TASK BRIEF | Repeat the entries that appear below, exactly as they are given.

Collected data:
lemma rf_apply_Int_cube_face_step:
  fixes J :: "'n::finite set"
  assumes a: "\<forall>j\<in>J. a $ j = 0 \<or> a $ j = 1" and P: "convex P" "P \<subseteq> unit_cube"
    and slices: "\<And>i v. i \<notin> J \<Longrightarrow> v = 0 \<or> v = 1 \<Longrightarrow>
                   {x \<in> P \<inter> cube_face J a. x $ i = v} \<subseteq> convex hull (rf_set \<phi> \<inter> cube_face J a)"
  shows "rf_apply \<phi> P \<inter> cube_face J a \<subseteq> convex hull (rf_set \<phi> \<inter> cube_face J a)"
proof (cases "forced_true J a \<phi>")
  case True
  then have "bin_cube \<inter> cube_face J a \<subseteq> rf_set \<phi> \<inter> cube_face J a"
    using rf_eval_if_forced[of J _ a \<phi>] by (auto simp: rf_set_def cube_face_def)
  then show ?thesis
    using cube_face_subset_convex_hull_bin_cube[OF a] hull_mono by blast
next
  case False
  then show ?thesis
    using rf_apply_Int_cube_face_unforced[OF a P convex_convex_hull slices] by auto
qed

lemma rf_iter_Int_cube_face:
  fixes \<phi> :: "'n::finite rformula" and J :: "'n set"
  assumes Q: "convex Q" "Q \<subseteq> unit_cube"
    and "1 \<le> l" "card (UNIV - J) \<le> l" "\<forall>j\<in>J. a $ j = 0 \<or> a $ j = 1"
  shows "rf_iter \<phi> l Q \<inter> cube_face J a \<subseteq> convex hull (rf_set \<phi> \<inter> cube_face J a)"
  using assms(3-)
proof (induction l arbitrary: J a rule: dec_induct)
  case base
  have "rf_iter \<phi> 1 Q = rf_apply \<phi> Q"
    using rf_iter_Suc[of \<phi> 0] by simp
  then show ?case
    using rf_apply_Int_cube_edge[OF base Q] by simp
next
  case (step l)
  let ?P = "rf_iter \<phi> l Q"
  have P: "convex ?P" "?P \<subseteq> unit_cube"
    using convex_rf_iter rf_iter_subset Q by blast+
  show ?case
    unfolding rf_iter_Suc
  proof (rule rf_apply_Int_cube_face_step[OF step.prems(2) P])
    fix i v assume i: "i \<notin> J" and v: "v = 0 \<or> v = (1::real)"
    show "{x \<in> ?P \<inter> cube_face J a. x $ i = v} \<subseteq> convex hull (rf_set \<phi> \<inter> cube_face J a)"
    proof
      fix x assume x: "x \<in> {x \<in> ?P \<inter> cube_face J a. x $ i = v}"
      have "UNIV - insert i J = (UNIV - J) - {i}"
        by blast
      then have "card (UNIV - insert i J) \<le> l"
        using step.prems(1) i by (simp add: card_Diff_singleton)
      moreover have "\<forall>j\<in>insert i J. x $ j = 0 \<or> x $ j = 1"
        using x v step.prems(2) by (auto simp: cube_face_def)
      ultimately have "?P \<inter> cube_face (insert i J) x \<subseteq> convex hull (rf_set \<phi> \<inter> cube_face (insert i J) x)"
        by (rule step.IH)
      moreover have "x \<in> ?P \<inter> cube_face (insert i J) x"
        using x by (simp add: cube_face_def)
      ultimately have "x \<in> convex hull (rf_set \<phi> \<inter> cube_face (insert i J) x)"
        by blast
      moreover have "cube_face (insert i J) x \<subseteq> cube_face J a"
        using x by (auto simp: cube_face_def)
      ultimately show "x \<in> convex hull (rf_set \<phi> \<inter> cube_face J a)"
        using hull_mono[of "rf_set \<phi> \<inter> cube_face (insert i J) x"] by blast
    qed
  qed
qed

theorem corollary4p5:
  fixes \<phi> :: "'n::finite rformula" and Q :: "(real ^ 'n) set"
  assumes "convex Q" and "Q \<subseteq> unit_cube" and "rf_set \<phi> \<subseteq> Q"
  shows "rf_iter \<phi> CARD('n) Q = convex hull (rf_set \<phi>)"
proof
  show "convex hull (rf_set \<phi>) \<subseteq> rf_iter \<phi> CARD('n) Q"
    using assms by (simp add: hull_minimal convex_rf_iter rf_set_subset_rf_iter)
  have "rf_iter \<phi> CARD('n) Q \<inter> cube_face {} 0 \<subseteq> convex hull (rf_set \<phi> \<inter> cube_face {} 0)"
    using assms(1,2) by (rule rf_iter_Int_cube_face) (simp_all add: Suc_leI)
  moreover have "rf_iter \<phi> CARD('n) Q \<subseteq> unit_cube" "rf_set \<phi> \<subseteq> unit_cube"
    using assms rf_iter_subset by blast+
  ultimately show "rf_iter \<phi> CARD('n) Q \<subseteq> convex hull (rf_set \<phi>)"
    by (simp add: Int_absorb2)
qed

end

TASK RESULT |
lemma rf_apply_Int_cube_face_step:
  fixes J :: "'n::finite set"
  assumes a: "\<forall>j\<in>J. a $ j = 0 \<or> a $ j = 1" and P: "convex P" "P \<subseteq> unit_cube"
    and slices: "\<And>i v. i \<notin> J \<Longrightarrow> v = 0 \<or> v = 1 \<Longrightarrow>
                   {x \<in> P \<inter> cube_face J a. x $ i = v} \<subseteq> convex hull (rf_set \<phi> \<inter> cube_face J a)"
  shows "rf_apply \<phi> P \<inter> cube_face J a \<subseteq> convex hull (rf_set \<phi> \<inter> cube_face J a)"
proof (cases "forced_true J a \<phi>")
  case True
  then have "bin_cube \<inter> cube_face J a \<subseteq> rf_set \<phi> \<inter> cube_face J a"
    using rf_eval_if_forced[of J _ a \<phi>] by (auto simp: rf_set_def cube_face_def)
  then show ?thesis
    using cube_face_subset_convex_hull_bin_cube[OF a] hull_mono by blast
next
  case False
  then show ?thesis
    using rf_apply_Int_cube_face_unforced[OF a P convex_convex_hull slices] by auto
qed

lemma rf_iter_Int_cube_face:
  fixes \<phi> :: "'n::finite rformula" and J :: "'n set"
  assumes Q: "convex Q" "Q \<subseteq> unit_cube"
    and "1 \<le> l" "card (UNIV - J) \<le> l" "\<forall>j\<in>J. a $ j = 0 \<or> a $ j = 1"
  shows "rf_iter \<phi> l Q \<inter> cube_face J a \<subseteq> convex hull (rf_set \<phi> \<inter> cube_face J a)"
  using assms(3-)
proof (induction l arbitrary: J a rule: dec_induct)
  case base
  have "rf_iter \<phi> 1 Q = rf_apply \<phi> Q"
    using rf_iter_Suc[of \<phi> 0] by simp
  then show ?case
    using rf_apply_Int_cube_edge[OF base Q] by simp
next
  case (step l)
  let ?P = "rf_iter \<phi> l Q"
  have P: "convex ?P" "?P \<subseteq> unit_cube"
    using convex_rf_iter rf_iter_subset Q by blast+
  show ?case
    unfolding rf_iter_Suc
  proof (rule rf_apply_Int_cube_face_step[OF step.prems(2) P])
    fix i v assume i: "i \<notin> J" and v: "v = 0 \<or> v = (1::real)"
    show "{x \<in> ?P \<inter> cube_face J a. x $ i = v} \<subseteq> convex hull (rf_set \<phi> \<inter> cube_face J a)"
    proof
      fix x assume x: "x \<in> {x \<in> ?P \<inter> cube_face J a. x $ i = v}"
      have "UNIV - insert i J = (UNIV - J) - {i}"
        by blast
      then have "card (UNIV - insert i J) \<le> l"
        using step.prems(1) i by (simp add: card_Diff_singleton)
      moreover have "\<forall>j\<in>insert i J. x $ j = 0 \<or> x $ j = 1"
        using x v step.prems(2) by (auto simp: cube_face_def)
      ultimately have "?P \<inter> cube_face (insert i J) x \<subseteq> convex hull (rf_set \<phi> \<inter> cube_face (insert i J) x)"
        by (rule step.IH)
      moreover have "x \<in> ?P \<inter> cube_face (insert i J) x"
        using x by (simp add: cube_face_def)
      ultimately have "x \<in> convex hull (rf_set \<phi> \<inter> cube_face (insert i J) x)"
        by blast
      moreover have "cube_face (insert i J) x \<subseteq> cube_face J a"
        using x by (auto simp: cube_face_def)
      ultimately show "x \<in> convex hull (rf_set \<phi> \<inter> cube_face J a)"
        using hull_mono[of "rf_set \<phi> \<inter> cube_face (insert i J) x"] by blast
    qed
  qed
qed

theorem corollary4p5:
  fixes \<phi> :: "'n::finite rformula" and Q :: "(real ^ 'n) set"
  assumes "convex Q" and "Q \<subseteq> unit_cube" and "rf_set \<phi> \<subseteq> Q"
  shows "rf_iter \<phi> CARD('n) Q = convex hull (rf_set \<phi>)"
proof
  show "convex hull (rf_set \<phi>) \<subseteq> rf_iter \<phi> CARD('n) Q"
    using assms by (simp add: hull_minimal convex_rf_iter rf_set_subset_rf_iter)
  have "rf_iter \<phi> CARD('n) Q \<inter> cube_face {} 0 \<subseteq> convex hull (rf_set \<phi> \<inter> cube_face {} 0)"
    using assms(1,2) by (rule rf_iter_Int_cube_face) (simp_all add: Suc_leI)
  moreover have "rf_iter \<phi> CARD('n) Q \<subseteq> unit_cube" "rf_set \<phi> \<subseteq> unit_cube"
    using assms rf_iter_subset by blast+
  ultimately show "rf_iter \<phi> CARD('n) Q \<subseteq> convex hull (rf_set \<phi>)"
    by (simp add: Int_absorb2)
qed

end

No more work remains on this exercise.